_TASK DETAILS_
Set down exactly the stretch of lines below that opens at the line containing "by (rule sums_le[OF" and continues through the last line of the entries, and nothing else.

_Stored items_
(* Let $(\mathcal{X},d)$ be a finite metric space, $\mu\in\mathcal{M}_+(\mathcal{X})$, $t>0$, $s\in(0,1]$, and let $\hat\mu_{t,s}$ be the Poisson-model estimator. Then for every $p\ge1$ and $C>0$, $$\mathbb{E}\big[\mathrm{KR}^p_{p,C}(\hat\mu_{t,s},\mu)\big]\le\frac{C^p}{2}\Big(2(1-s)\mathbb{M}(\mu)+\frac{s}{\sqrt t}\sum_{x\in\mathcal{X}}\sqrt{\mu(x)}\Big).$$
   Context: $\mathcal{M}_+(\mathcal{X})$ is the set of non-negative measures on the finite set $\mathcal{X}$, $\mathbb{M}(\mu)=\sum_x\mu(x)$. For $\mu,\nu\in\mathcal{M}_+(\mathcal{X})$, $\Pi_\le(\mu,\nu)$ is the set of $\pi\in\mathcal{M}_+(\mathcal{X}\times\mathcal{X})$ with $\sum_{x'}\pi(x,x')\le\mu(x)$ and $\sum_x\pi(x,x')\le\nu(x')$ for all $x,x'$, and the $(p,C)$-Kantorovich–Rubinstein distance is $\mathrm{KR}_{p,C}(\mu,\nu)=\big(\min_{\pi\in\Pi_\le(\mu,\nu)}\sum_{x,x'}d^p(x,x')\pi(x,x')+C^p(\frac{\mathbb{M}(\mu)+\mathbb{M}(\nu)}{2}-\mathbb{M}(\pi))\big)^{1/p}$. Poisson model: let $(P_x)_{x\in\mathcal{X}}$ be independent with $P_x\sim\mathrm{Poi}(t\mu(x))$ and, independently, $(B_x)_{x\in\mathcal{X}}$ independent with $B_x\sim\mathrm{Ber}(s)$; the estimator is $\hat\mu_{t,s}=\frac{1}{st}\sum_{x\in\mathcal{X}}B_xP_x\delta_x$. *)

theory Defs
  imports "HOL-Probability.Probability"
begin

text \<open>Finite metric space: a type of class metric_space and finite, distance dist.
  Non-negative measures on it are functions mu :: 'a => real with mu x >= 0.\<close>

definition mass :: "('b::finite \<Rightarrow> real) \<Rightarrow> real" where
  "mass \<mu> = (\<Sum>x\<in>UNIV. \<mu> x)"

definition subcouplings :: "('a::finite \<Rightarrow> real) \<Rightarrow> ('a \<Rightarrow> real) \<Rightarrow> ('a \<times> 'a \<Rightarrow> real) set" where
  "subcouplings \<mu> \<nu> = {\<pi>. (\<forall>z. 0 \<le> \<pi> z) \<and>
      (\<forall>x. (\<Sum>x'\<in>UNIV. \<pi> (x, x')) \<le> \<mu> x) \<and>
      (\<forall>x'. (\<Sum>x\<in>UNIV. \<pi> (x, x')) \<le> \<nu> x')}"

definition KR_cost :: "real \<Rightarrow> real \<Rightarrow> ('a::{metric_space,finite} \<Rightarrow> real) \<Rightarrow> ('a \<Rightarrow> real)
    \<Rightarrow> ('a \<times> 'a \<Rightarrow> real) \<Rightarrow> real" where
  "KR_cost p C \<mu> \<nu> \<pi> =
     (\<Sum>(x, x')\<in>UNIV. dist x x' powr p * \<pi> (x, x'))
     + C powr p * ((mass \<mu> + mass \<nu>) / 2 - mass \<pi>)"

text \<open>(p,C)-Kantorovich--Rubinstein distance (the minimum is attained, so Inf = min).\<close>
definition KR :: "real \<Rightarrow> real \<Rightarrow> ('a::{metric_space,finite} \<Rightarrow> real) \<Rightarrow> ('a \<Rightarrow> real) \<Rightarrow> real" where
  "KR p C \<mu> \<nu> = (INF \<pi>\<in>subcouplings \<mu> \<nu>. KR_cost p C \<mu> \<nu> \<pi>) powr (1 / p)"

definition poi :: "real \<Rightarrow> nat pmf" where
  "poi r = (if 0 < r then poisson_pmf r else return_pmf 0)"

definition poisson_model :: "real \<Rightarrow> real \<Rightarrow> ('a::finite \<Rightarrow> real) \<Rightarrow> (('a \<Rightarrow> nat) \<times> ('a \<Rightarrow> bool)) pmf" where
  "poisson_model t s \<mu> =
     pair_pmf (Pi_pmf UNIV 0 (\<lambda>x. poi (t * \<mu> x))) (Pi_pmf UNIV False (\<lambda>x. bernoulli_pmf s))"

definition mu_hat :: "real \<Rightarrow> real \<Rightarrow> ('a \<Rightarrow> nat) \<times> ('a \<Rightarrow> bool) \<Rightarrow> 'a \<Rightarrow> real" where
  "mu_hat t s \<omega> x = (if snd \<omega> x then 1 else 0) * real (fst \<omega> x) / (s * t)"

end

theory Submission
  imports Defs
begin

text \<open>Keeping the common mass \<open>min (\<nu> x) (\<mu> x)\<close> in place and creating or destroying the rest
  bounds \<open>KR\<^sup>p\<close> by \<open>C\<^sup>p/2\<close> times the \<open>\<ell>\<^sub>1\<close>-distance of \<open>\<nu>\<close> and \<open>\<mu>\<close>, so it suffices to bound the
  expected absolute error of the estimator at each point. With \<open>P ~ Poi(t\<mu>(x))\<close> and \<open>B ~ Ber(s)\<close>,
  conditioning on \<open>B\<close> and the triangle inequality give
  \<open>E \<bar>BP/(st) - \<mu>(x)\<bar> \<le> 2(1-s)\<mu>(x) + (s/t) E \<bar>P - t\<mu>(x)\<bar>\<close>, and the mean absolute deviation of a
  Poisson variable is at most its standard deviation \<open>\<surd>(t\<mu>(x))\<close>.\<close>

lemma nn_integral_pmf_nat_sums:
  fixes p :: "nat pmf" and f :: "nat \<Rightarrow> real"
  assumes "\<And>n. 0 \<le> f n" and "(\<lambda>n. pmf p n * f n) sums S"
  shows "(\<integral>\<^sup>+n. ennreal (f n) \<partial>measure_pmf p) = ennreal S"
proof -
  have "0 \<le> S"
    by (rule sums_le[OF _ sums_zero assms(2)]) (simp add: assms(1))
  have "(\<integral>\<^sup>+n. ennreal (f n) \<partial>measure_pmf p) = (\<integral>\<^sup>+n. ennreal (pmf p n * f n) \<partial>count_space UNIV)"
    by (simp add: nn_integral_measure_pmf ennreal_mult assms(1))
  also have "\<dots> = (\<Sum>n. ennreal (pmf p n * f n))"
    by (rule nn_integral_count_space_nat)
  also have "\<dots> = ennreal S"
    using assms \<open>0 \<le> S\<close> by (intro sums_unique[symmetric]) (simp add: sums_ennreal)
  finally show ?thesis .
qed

_RESULT_
    by (rule sums_le[OF _ sums_zero assms(2)]) (simp add: assms(1))
  have "(\<integral>\<^sup>+n. ennreal (f n) \<partial>measure_pmf p) = (\<integral>\<^sup>+n. ennreal (pmf p n * f n) \<partial>count_space UNIV)"
    by (simp add: nn_integral_measure_pmf ennreal_mult assms(1))
  also have "\<dots> = (\<Sum>n. ennreal (pmf p n * f n))"
    by (rule nn_integral_count_space_nat)
  also have "\<dots> = ennreal S"
    using assms \<open>0 \<le> S\<close> by (intro sums_unique[symmetric]) (simp add: sums_ennreal)
  finally show ?thesis .
qed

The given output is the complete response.